A julgar por relatos publicados pelo rapaz nas redes sociais, a escalada até a equipe da Agência África, fundada por Nizan Guanaes, exigiu esforços hercúleos – ainda bem parecidos com os que a negritude precisa fazer hoje para seguir a carreira.
É o que sinaliza um estudo publicado pelo Instituto Etnus em 2015 sobre a presença de negros nas 50 maiores agências de publicidade do país. De acordo com a pesquisa, a cada mil funcionários desses estabelecimentos, apenas 35 são negros. As estatísticas também mostram que apenas 0,74% dos cargos de alta direção são exercidos por afrodescendentes.
As propagandas produzidas no Brasil parecem refletir esses bastidores. Um levantamento realizado em 2017 pelo Instituto Locomotiva com 2020 pessoas negra revela que apenas 6% dos entrevistados se sentem adequadamente representados pelas propagandas de TV. Os dados contrastam com outra investigação conduzida pelo mesmo instituto também no ano passado, cujos cálculos mostram que a comunidade negra brasileira movimenta cerca R$ 1,62 trilhões de reais.
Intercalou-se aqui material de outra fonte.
(* Let $\Psi$ be a well-formed declarative context and $\beta\notin\Psi$. If $\mathcal D$ is a derivation of $\Psi\vdash A\le\forall\beta.B$, then there is a derivation $\mathcal D'$ of $\Psi,\beta\vdash A\le B$ whose size is strictly smaller than that of $\mathcal D$.
   Context: Types $A,B ::= 1\mid\alpha\mid\forall\alpha.A\mid A\to B$ (bound variables may be renamed, so $\beta$ can be assumed not declared in $\Psi$); monotypes $\tau ::= 1\mid\alpha\mid\tau\to\tau'$. Declarative contexts $\Psi ::= \cdot\mid\Psi,\alpha\mid\Psi,x:A$. Well-formedness $\Psi\vdash A$: all free type variables of $A$ are declared in $\Psi$. Declarative subtyping $\Psi\vdash A\le B$ is the least relation with: $\alpha\in\Psi\Rightarrow\Psi\vdash\alpha\le\alpha$; $\Psi\vdash1\le1$; ($\Psi\vdash B_1\le A_1$, $\Psi\vdash A_2\le B_2$) $\Rightarrow\Psi\vdash A_1\to A_2\le B_1\to B_2$; ($\Psi\vdash\tau$ monotype, $\Psi\vdash[\tau/\alpha]A\le B$) $\Rightarrow\Psi\vdash\forall\alpha.A\le B$; ($\Psi,\beta\vdash A\le B$) $\Rightarrow\Psi\vdash A\le\forall\beta.B$. The size of a derivation is its number of rule instances. *)

theory Defs
  imports Main
begin

text \<open>Types in locally nameless representation: bound type variables are de Bruijn
  indices (BVar), free type variables are names (FVar). \<open>All A\<close> is \<open>\<forall>\<alpha>. A\<close> where
  the bound variable is index 0 in A.\<close>

type_synonym tvname = nat
type_synonym vname = nat

datatype ty = Unit | BVar nat | FVar tvname | All ty | Arr ty ty

fun open_rec :: "nat \<Rightarrow> ty \<Rightarrow> ty \<Rightarrow> ty" where
  "open_rec k u Unit = Unit"
| "open_rec k u (BVar i) = (if i = k then u else BVar i)"
| "open_rec k u (FVar a) = FVar a"
| "open_rec k u (All A) = All (open_rec (Suc k) u A)"
| "open_rec k u (Arr A B) = Arr (open_rec k u A) (open_rec k u B)"

text \<open>\<open>open_ty A u\<close> is \<open>[u/\<alpha>]A'\<close> when \<open>All A\<close> represents \<open>\<forall>\<alpha>.A'\<close>.\<close>
definition open_ty :: "ty \<Rightarrow> ty \<Rightarrow> ty" where
  "open_ty A u = open_rec 0 u A"

fun ftv :: "ty \<Rightarrow> tvname set" where
  "ftv Unit = {}"
| "ftv (BVar i) = {}"
| "ftv (FVar a) = {a}"
| "ftv (All A) = ftv A"
| "ftv (Arr A B) = ftv A \<union> ftv B"

fun lc_at :: "nat \<Rightarrow> ty \<Rightarrow> bool" where
  "lc_at k Unit = True"
| "lc_at k (BVar i) = (i < k)"
| "lc_at k (FVar a) = True"
| "lc_at k (All A) = lc_at (Suc k) A"
| "lc_at k (Arr A B) = (lc_at k A \<and> lc_at k B)"

fun mono :: "ty \<Rightarrow> bool" where
  "mono Unit = True"
| "mono (BVar i) = True"
| "mono (FVar a) = True"
| "mono (All A) = False"
| "mono (Arr A B) = (mono A \<and> mono B)"

text \<open>Declarative contexts; \<open>\<Psi>, e\<close> is \<open>\<Psi> @ [e]\<close>.\<close>
datatype entry = TV tvname | V vname ty
type_synonym ctx = "entry list"

fun tvars :: "ctx \<Rightarrow> tvname set" where
  "tvars [] = {}"
| "tvars (TV a # G) = insert a (tvars G)"
| "tvars (V x A # G) = tvars G"

fun vars :: "ctx \<Rightarrow> vname set" where
  "vars [] = {}"
| "vars (TV a # G) = vars G"
| "vars (V x A # G) = insert x (vars G)"

definition wf_ty :: "ctx \<Rightarrow> ty \<Rightarrow> bool" where
  "wf_ty G A \<longleftrightarrow> lc_at 0 A \<and> ftv A \<subseteq> tvars G"

inductive wf_ctx :: "ctx \<Rightarrow> bool" where
  "wf_ctx []"
| "wf_ctx G \<Longrightarrow> a \<notin> tvars G \<Longrightarrow> wf_ctx (G @ [TV a])"
| "wf_ctx G \<Longrightarrow> x \<notin> vars G \<Longrightarrow> wf_ty G A \<Longrightarrow> wf_ctx (G @ [V x A])"

text \<open>\<open>sub G A B n\<close>: there is a derivation of \<open>G \<turnstile> A \<le> B\<close> with exactly n rule
  instances.  In the \<forall>R rule, the bound variable is renamed to a name \<beta> not
  declared in G and not free in A, B.\<close>
inductive sub :: "ctx \<Rightarrow> ty \<Rightarrow> ty \<Rightarrow> nat \<Rightarrow> bool" where
  sub_var: "a \<in> tvars G \<Longrightarrow> sub G (FVar a) (FVar a) 1"
| sub_unit: "sub G Unit Unit 1"
| sub_arr: "sub G B1 A1 n1 \<Longrightarrow> sub G A2 B2 n2 \<Longrightarrow>
             sub G (Arr A1 A2) (Arr B1 B2) (Suc (n1 + n2))"
| sub_allL: "mono t \<Longrightarrow> wf_ty G t \<Longrightarrow> sub G (open_ty A t) B n \<Longrightarrow>
             sub G (All A) B (Suc n)"
| sub_allR: "b \<notin> tvars G \<Longrightarrow> b \<notin> ftv A \<Longrightarrow> b \<notin> ftv B \<Longrightarrow>
             sub (G @ [TV b]) A (open_ty B (FVar b)) n \<Longrightarrow> sub G A (All B) (Suc n)"

end

theory Submission
  imports Defs "HOL-Combinatorics.Transposition"
begin

text \<open>A \<open>\<forall>L\<close> step is kept and the induction hypothesis
  applies to its premise.  A \<open>\<forall>R\<close> step must be the one introducing \<open>\<forall>\<beta>.B\<close>; its premise
  already has the required shape, except that the rule chose some fresh name \<open>\<gamma>\<close> instead
  of \<open>\<beta>\<close>.  Swapping \<open>\<gamma>\<close> and \<open>\<beta>\<close> throughout the premise's derivation fixes the name
  without changing the size, and we drop the \<open>\<forall>R\<close> instance itself.\<close>

fun rename_ty :: "(tvname \<Rightarrow> tvname) \<Rightarrow> ty \<Rightarrow> ty" where
  "rename_ty f Unit = Unit"
| "rename_ty f (BVar i) = BVar i"
| "rename_ty f (FVar a) = FVar (f a)"
| "rename_ty f (All A) = All (rename_ty f A)"
| "rename_ty f (Arr A B) = Arr (rename_ty f A) (rename_ty f B)"

fun rename_entry :: "(tvname \<Rightarrow> tvname) \<Rightarrow> entry \<Rightarrow> entry" where
  "rename_entry f (TV a) = TV (f a)"
| "rename_entry f (V x A) = V x (rename_ty f A)"

lemma tvars_append [simp]: "tvars (G @ H) = tvars G \<union> tvars H"
  by (induction G rule: tvars.induct) auto

lemma tvars_map_rename_entry [simp]: "tvars (map (rename_entry f) G) = f ` tvars G"
  by (induction G rule: tvars.induct) auto

lemma ftv_rename_ty [simp]: "ftv (rename_ty f A) = f ` ftv A"
  by (induction A) auto

lemma lc_at_rename_ty [simp]: "lc_at k (rename_ty f A) = lc_at k A"
  by (induction A arbitrary: k) auto

lemma mono_rename_ty [simp]: "mono (rename_ty f A) = mono A"
  by (induction A) auto

lemma rename_ty_open_rec:
  "rename_ty f (open_rec k u A) = open_rec k (rename_ty f u) (rename_ty f A)"
  by (induction A arbitrary: k) auto

lemma rename_ty_open_ty:
  "rename_ty f (open_ty A u) = open_ty (rename_ty f A) (rename_ty f u)"
  by (simp add: open_ty_def rename_ty_open_rec)

lemma rename_ty_id_on_ftv: "(\<And>a. a \<in> ftv A \<Longrightarrow> f a = a) \<Longrightarrow> rename_ty f A = A"
  by (induction A) auto

lemma ftv_subset_open_ty: "ftv A \<subseteq> ftv (open_ty A u)"
proof -
  have "ftv A \<subseteq> ftv (open_rec k u A)" for k
    by (induction A arbitrary: k) auto
  then show ?thesis
    by (simp add: open_ty_def)
qed

lemma sub_ftv: "sub G A B n \<Longrightarrow> ftv A \<subseteq> tvars G \<and> ftv B \<subseteq> tvars G"
proof (induction rule: sub.induct)
  case (sub_allL t G A B n)
  then show ?case using ftv_subset_open_ty[of A t] by auto
next
  case (sub_allR b G A B n)
  then show ?case using ftv_subset_open_ty[of B "FVar b"] by auto
qed auto

lemma sub_rename:
  assumes "sub G A B n" and "inj f"
  shows "sub (map (rename_entry f) G) (rename_ty f A) (rename_ty f B) n"
  using assms
proof (induction rule: sub.induct)
  case (sub_var a G)
  then show ?case using sub.sub_var[of "f a"] by simp
next
  case (sub_unit G)
  then show ?case using sub.sub_unit by simp
next
  case (sub_arr G B1 A1 n1 A2 B2 n2)
  then show ?case by (auto intro: sub.sub_arr)
next
  case (sub_allL t G A B n)
  then have "sub (map (rename_entry f) G) (All (rename_ty f A)) (rename_ty f B) (Suc n)"
    by (intro sub.sub_allL[where t = "rename_ty f t"]) (auto simp: rename_ty_open_ty wf_ty_def)
  then show ?case by simp
next
  case (sub_allR b G A B n)
  then have "sub (map (rename_entry f) G) (rename_ty f A) (All (rename_ty f B)) (Suc n)"
    by (intro sub.sub_allR[where b = "f b"]) (auto simp: rename_ty_open_ty inj_image_mem_iff)
  then show ?case by simp
qed

lemma sub_cong_tvars: "sub G A B n \<Longrightarrow> tvars G = tvars G' \<Longrightarrow> sub G' A B n"
proof (induction arbitrary: G' rule: sub.induct)
  case (sub_var a G)
  then show ?case using sub.sub_var[of a G'] by simp
next
  case (sub_unit G)
  then show ?case using sub.sub_unit by simp
next
  case (sub_arr G B1 A1 n1 A2 B2 n2)
  then show ?case by (auto intro: sub.sub_arr)
next
  case (sub_allL t G A B n)
  then show ?case by (auto intro!: sub.sub_allL simp: wf_ty_def)
next
  case (sub_allR b G A B n)
  then show ?case by (auto intro!: sub.sub_allR)
qed

lemma sub_rename_fresh_tvar:
  assumes sub: "sub (G @ [TV c]) A (open_ty B (FVar c)) n"
    and fresh: "b \<notin> tvars G" "c \<notin> tvars G"
    and closed: "ftv A \<subseteq> tvars G" "ftv B \<subseteq> tvars G"
  shows "sub (G @ [TV b]) A (open_ty B (FVar b)) n"
proof -
  let ?f = "transpose c b"
  have "sub (map (rename_entry ?f) (G @ [TV c])) (rename_ty ?f A)
      (rename_ty ?f (open_ty B (FVar c))) n"
    using sub_rename[OF sub inj_transpose] .
  moreover have fixes_G: "?f a = a" if "a \<in> tvars G" for a
    using fresh that by (metis transpose_apply_other)
  then have "rename_ty ?f A = A" "rename_ty ?f B = B"
    using closed by (auto intro!: rename_ty_id_on_ftv)
  moreover have "tvars (map (rename_entry ?f) (G @ [TV c])) = tvars (G @ [TV b])"
    using fixes_G by (simp add: image_Un image_cong[OF refl fixes_G])
  ultimately show ?thesis
    by (simp add: rename_ty_open_ty sub_cong_tvars)
qed

lemma sub_All_right_inverse:
  "sub G A C n \<Longrightarrow> C = All B \<Longrightarrow> b \<notin> tvars G \<Longrightarrow>
    \<exists>m < n. sub (G @ [TV b]) A (open_ty B (FVar b)) m"
proof (induction arbitrary: B rule: sub.induct)
  case (sub_allL t G A C n)
  then obtain m where "m < n" and m: "sub (G @ [TV b]) (open_ty A t) (open_ty B (FVar b)) m"
    by blast
  moreover have "wf_ty (G @ [TV b]) t"
    using \<open>wf_ty G t\<close> by (auto simp: wf_ty_def)
  ultimately have "sub (G @ [TV b]) (All A) (open_ty B (FVar b)) (Suc m)" "Suc m < Suc n"
    using sub.sub_allL[OF \<open>mono t\<close>] by auto
  then show ?case by blast
next
  case (sub_allR c G A C n)
  have premise: "sub (G @ [TV c]) A (open_ty B (FVar c)) n"
    using sub_allR.hyps(4) sub_allR.prems(1) by simp
  have closed_A: "ftv A \<subseteq> tvars G" and "ftv (open_ty B (FVar c)) \<subseteq> tvars G \<union> {c}"
    using sub_ftv[OF premise] sub_allR.hyps(2) by auto
  moreover have "c \<notin> ftv B"
    using sub_allR.hyps(3) sub_allR.prems(1) by simp
  ultimately have closed_B: "ftv B \<subseteq> tvars G"
    using ftv_subset_open_ty[of B "FVar c"] by blast
  have "sub (G @ [TV b]) A (open_ty B (FVar b)) n"
    using premise sub_allR.prems(2) sub_allR.hyps(1) closed_A closed_B
    by (rule sub_rename_fresh_tvar)
  then show ?case by blast
qed simp_all

theorem mainTheorem13:
  assumes "wf_ctx G"
    and "b \<notin> tvars G"
    and "sub G A (All B) n"
  shows "\<exists>m < n. sub (G @ [TV b]) A (open_ty B (FVar b)) m"
  using sub_All_right_inverse[OF assms(3) refl assms(2)] .

end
“Eu acho que o mercado inteiro ainda tem muito o que caminhar quando o assunto é representatividade. E o que a gente quer não é só cumprir cota. As vezes, parece que as marcas estão incluindo negros em suas peças com esse objetivo. E não é bem isso. Quando a gente fala de representatividade, quer dizer que queremos protagonismo. Por exemplo: temos muitos comerciais envolvendo famílias, geralmente, famílias brancas. Por que não podemos ter também propagandas com famílias negras? Já tem algumas marcas que entenderam isso, como a Natura. Quando a empresa encomenda um comercial que envolve uma mulher, já especifica logo que quer uma mulher ‘brasileira’,  inclusive porque sabe que o praxe é preencher a peça com mulheres brancas. Já quanto a presença de publicitários negros no mercado, pra mim, é preciso mais que contratar esses profissionais. O apoio tem que ir na base, na formação dessas pessoas”, diz Felipe Silva, redator publicitário na Agência África.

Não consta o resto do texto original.